Since she is not expert in all that interests her, she met with colleagues in various other departments at Willamette. Together with Lawton, she met with Briana Lindh, an instructor of biology and associate director at the Sustainability Institute, and with Daniel Borrero Echeverry, a physics professor.

Borrero Echeverry studies “complex spatiotemporal dynamics,” so it makes sense Skillin-Brauchle sought out his expertise. In her show she tries to get across a score of complex material, including “visual and conceptual experiments, illustrations of learning(s), evidence of attempts to unlearn, wayfinding devices, fantastical scenarios, celebrations of a life lived, and more.” 

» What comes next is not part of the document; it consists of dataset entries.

(* Let $G$ be a graph on $n\ge 3$ vertices with no isolated vertices, and let $r$ be a positive integer. If $\mathscr{Z}^{\rm TAR}(G)\cong K_{1,r}\,\square\,K_2$, then $G\cong K_{1,r}$.
   Context: Zero forcing: starting with a set $S$ of blue vertices, a blue vertex $v$ may turn blue a white vertex $w$ if $w$ is the only white neighbor of $v$; $S$ is a zero forcing set if repeated application colors all vertices blue. $\mathscr{Z}^{\rm TAR}(G)$ has vertices the zero forcing sets of $G$, two adjacent iff their symmetric difference has size 1. $K_{1,r}$ is the star with $r$ leaves and $\square$ is the Cartesian product of graphs. *)

theory Defs
  imports Main
begin

definition graph :: "'a set \<Rightarrow> ('a \<Rightarrow> 'a \<Rightarrow> bool) \<Rightarrow> bool" where
  "graph V E \<longleftrightarrow> finite V \<and> (\<forall>x y. E x y \<longrightarrow> x \<in> V \<and> y \<in> V \<and> x \<noteq> y \<and> E y x)"

definition graph_iso :: "'a set \<Rightarrow> ('a \<Rightarrow> 'a \<Rightarrow> bool) \<Rightarrow> 'b set \<Rightarrow> ('b \<Rightarrow> 'b \<Rightarrow> bool) \<Rightarrow> bool" where
  "graph_iso V1 E1 V2 E2 \<longleftrightarrow>
     (\<exists>f. bij_betw f V1 V2 \<and> (\<forall>x\<in>V1. \<forall>y\<in>V1. E1 x y \<longleftrightarrow> E2 (f x) (f y)))"

inductive_set zf_closure :: "'a set \<Rightarrow> ('a \<Rightarrow> 'a \<Rightarrow> bool) \<Rightarrow> 'a set \<Rightarrow> 'a set"
  for V E S where
  base: "x \<in> S \<Longrightarrow> x \<in> zf_closure V E S"
| force: "\<lbrakk>v \<in> zf_closure V E S; v \<in> V; w \<in> V; E v w;
          \<forall>u. E v u \<and> u \<noteq> w \<longrightarrow> u \<in> zf_closure V E S\<rbrakk> \<Longrightarrow> w \<in> zf_closure V E S"

definition zero_forcing_set :: "'a set \<Rightarrow> ('a \<Rightarrow> 'a \<Rightarrow> bool) \<Rightarrow> 'a set \<Rightarrow> bool" where
  "zero_forcing_set V E S \<longleftrightarrow> S \<subseteq> V \<and> zf_closure V E S = V"

definition ZTAR_V :: "'a set \<Rightarrow> ('a \<Rightarrow> 'a \<Rightarrow> bool) \<Rightarrow> 'a set set" where
  "ZTAR_V V E = {S. zero_forcing_set V E S}"

definition ZTAR_E :: "'a set \<Rightarrow> ('a \<Rightarrow> 'a \<Rightarrow> bool) \<Rightarrow> 'a set \<Rightarrow> 'a set \<Rightarrow> bool" where
  "ZTAR_E V E S T \<longleftrightarrow> S \<in> ZTAR_V V E \<and> T \<in> ZTAR_V V E \<and> card ((S - T) \<union> (T - S)) = 1"

definition star_V :: "nat \<Rightarrow> nat set" where
  "star_V r = {0..r}"

definition star_E :: "nat \<Rightarrow> nat \<Rightarrow> nat \<Rightarrow> bool" where
  "star_E r x y \<longleftrightarrow> x \<in> star_V r \<and> y \<in> star_V r \<and> ((x = 0 \<and> y \<noteq> 0) \<or> (x \<noteq> 0 \<and> y = 0))"

definition K2_V :: "bool set" where "K2_V = UNIV"
definition K2_E :: "bool \<Rightarrow> bool \<Rightarrow> bool" where "K2_E x y \<longleftrightarrow> x \<noteq> y"

definition cart_V :: "'a set \<Rightarrow> 'b set \<Rightarrow> ('a \<times> 'b) set" where
  "cart_V V1 V2 = V1 \<times> V2"

definition cart_E :: "'a set \<Rightarrow> ('a \<Rightarrow> 'a \<Rightarrow> bool) \<Rightarrow> 'b set \<Rightarrow> ('b \<Rightarrow> 'b \<Rightarrow> bool)
    \<Rightarrow> 'a \<times> 'b \<Rightarrow> 'a \<times> 'b \<Rightarrow> bool" where
  "cart_E V1 E1 V2 E2 p q \<longleftrightarrow> p \<in> V1 \<times> V2 \<and> q \<in> V1 \<times> V2 \<and>
     ((fst p = fst q \<and> E2 (snd p) (snd q)) \<or> (snd p = snd q \<and> E1 (fst p) (fst q)))"

end

theory Submission
  imports Defs
begin

text \<open>
  The neighbours of V in Z^TAR(G) are the n sets V - {v}; since n \<ge> 3, V must be mapped
  to a spine vertex (0, b) of the book K_{1,r} \<box> K_2, the only vertices of degree
  above 2. So exactly one deletion V - {c} goes to (0, \<not> b) and the others go to
  distinct pages (j, b), which yields a bijection between V and the star's vertices.
  The 4-cycle through (0, \<not> b), (0, b), (j, b), (j, \<not> b) shows that V - {c, w} is
  zero forcing for all w \<noteq> c, whereas for v, w \<noteq> c the set V - {v, w} would be
  a second common neighbour of two pages besides (0, b), so it is not zero forcing.
  The latter makes all vertices other than c pairwise twins, and with the former this
  forces G to be the star centred at c.
\<close>

lemma graphD:
  assumes "graph V E" "E x y"
  shows "x \<in> V" "y \<in> V" "x \<noteq> y" "E y x"
  using assms unfolding graph_def by blast+

lemma zf_closure_subset: "S \<subseteq> V \<Longrightarrow> zf_closure V E S \<subseteq> V"
proof
  show "x \<in> V" if "S \<subseteq> V" "x \<in> zf_closure V E S" for x
    using that(2,1) by induct auto
qed

lemma zero_forcing_set_iff: "S \<subseteq> V \<Longrightarrow> zero_forcing_set V E S \<longleftrightarrow> V \<subseteq> zf_closure V E S"
  unfolding zero_forcing_set_def using zf_closure_subset by blast

lemma zero_forcing_set_self: "zero_forcing_set V E V"
  by (simp add: zero_forcing_set_iff subsetI zf_closure.base)

lemma zf_closure_last_vertex:
  assumes "graph V E" "V - {w} \<subseteq> zf_closure V E S" "E w z"
  shows "w \<in> zf_closure V E S"
proof (rule zf_closure.force)
  show z: "z \<in> V" "w \<in> V" "E z w"
    using graphD[OF assms(1,3)] by auto
  show "z \<in> zf_closure V E S"
    using graphD(3)[OF assms(1,3)] z(1) assms(2) by blast
  show "\<forall>u. E z u \<and> u \<noteq> w \<longrightarrow> u \<in> zf_closure V E S"
    using assms(2) graphD(2)[OF assms(1)] by blast
qed

lemma zero_forcing_set_Diff_singleton:
  assumes "graph V E" "E v z"
  shows "zero_forcing_set V E (V - {v})"
proof -
  have "V - {v} \<subseteq> zf_closure V E (V - {v})" by (auto intro: zf_closure.base)
  with zf_closure_last_vertex[OF assms(1) this assms(2)] have "V \<subseteq> zf_closure V E (V - {v})"
    by blast
  then show ?thesis by (simp add: zero_forcing_set_iff)
qed

lemma zero_forcing_set_Diff_pair:
  assumes G: "graph V E" and u: "u \<in> V - {v, w}" "E u v" "\<not> E u w" and "E w z"
  shows "zero_forcing_set V E (V - {v, w})"
proof -
  let ?C = "zf_closure V E (V - {v, w})"
  have "v \<in> ?C"
  proof (rule zf_closure.force)
    show "u \<in> ?C" using u by (auto intro: zf_closure.base)
    show "\<forall>y. E u y \<and> y \<noteq> v \<longrightarrow> y \<in> ?C"
      using u graphD(2)[OF G] by (auto intro: zf_closure.base)
  qed (use u graphD[OF G u(2)] in auto)
  then have "V - {w} \<subseteq> ?C" by (auto intro: zf_closure.base)
  with zf_closure_last_vertex[OF G this \<open>E w z\<close>] have "V \<subseteq> ?C" by blast
  then show ?thesis by (simp add: zero_forcing_set_iff)
qed

lemma zf_closure_eq_if_no_force:
  assumes "\<forall>u\<in>S. \<forall>x\<in>V - S. E u x \<longrightarrow> (\<exists>y\<in>V - S. y \<noteq> x \<and> E u y)"
  shows "zf_closure V E S = S"
proof
  show "zf_closure V E S \<subseteq> S"
  proof
    show "x \<in> S" if "x \<in> zf_closure V E S" for x
      using that
    proof induct
      case (force v w)
      show ?case
      proof (rule ccontr)
        assume "w \<notin> S"
        with force assms obtain y where "y \<in> V - S" "y \<noteq> w" "E v y" by blast
        with force show False by blast
      qed
    qed
  qed
qed (auto intro: zf_closure.base)

lemma twins_if_not_zero_forcing_pair:
  assumes G: "graph V E" and no_isolated: "\<forall>v\<in>V. \<exists>u. E v u"
    and "v \<in> V" "w \<in> V" "\<not> zero_forcing_set V E (V - {v, w})" "u \<in> V - {v, w}"
  shows "E u v \<longleftrightarrow> E u w"
proof (rule ccontr)
  obtain y z where "E v y" "E w z" using assms(3,4) no_isolated by blast
  assume "\<not> (E u v \<longleftrightarrow> E u w)"
  then consider "E u v" "\<not> E u w" | "E u w" "\<not> E u v" by blast
  then show False
  proof cases
    case 1
    with zero_forcing_set_Diff_pair[OF G _ 1 \<open>E w z\<close>] assms(5,6) show False by blast
  next
    case 2
    with zero_forcing_set_Diff_pair[OF G _ 2 \<open>E v y\<close>] assms(5,6) show False
      by (simp add: insert_commute)
  qed
qed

The concepts of “Gravity” and “Suspension,” also titles of two of her abstract drawings, are on full display during the performances. Skillin-Brauchle and Lawton act out in three stages, and guided by costume, the effects one body — or person — may have on another. At one point they wear a two-sided mask, keeping at least eight feet apart. Their costume reminds me of the kind Martha Graham wore in her famous fabric dance, where movement of the actor or dancer dramatically changes the shape of the material.    

The performance piece, “Our Bodies Know the Way,” is much changed from its original inception. It was initially choreographed with multiple performers who came in contact with each other. Given the restrictions still in place for social distancing, changes had to be made. It’s not the performance it was supposed to be when first planned, but then the world has much changed since then. 

The artist says it almost feels like this project was anticipating the end of life as we knew it. The performance seems to echo that feeling. The fabric keeps the two people in it distanced at all times, as necessary. The material or costume also keeps them from falling, says Skillin-Brauchle, particularly when they lean back, they each feel held by the other.

Locating runs through May 15 at The Hallie Ford Museum of Art, 700 State Street, Salem. The museum is on campus at Willamette University, across the street from the State Capitol. Hours are noon to 5 pm Tuesday through Saturday. Admission is $5 for adults, $4 for seniors, free for 17 and under.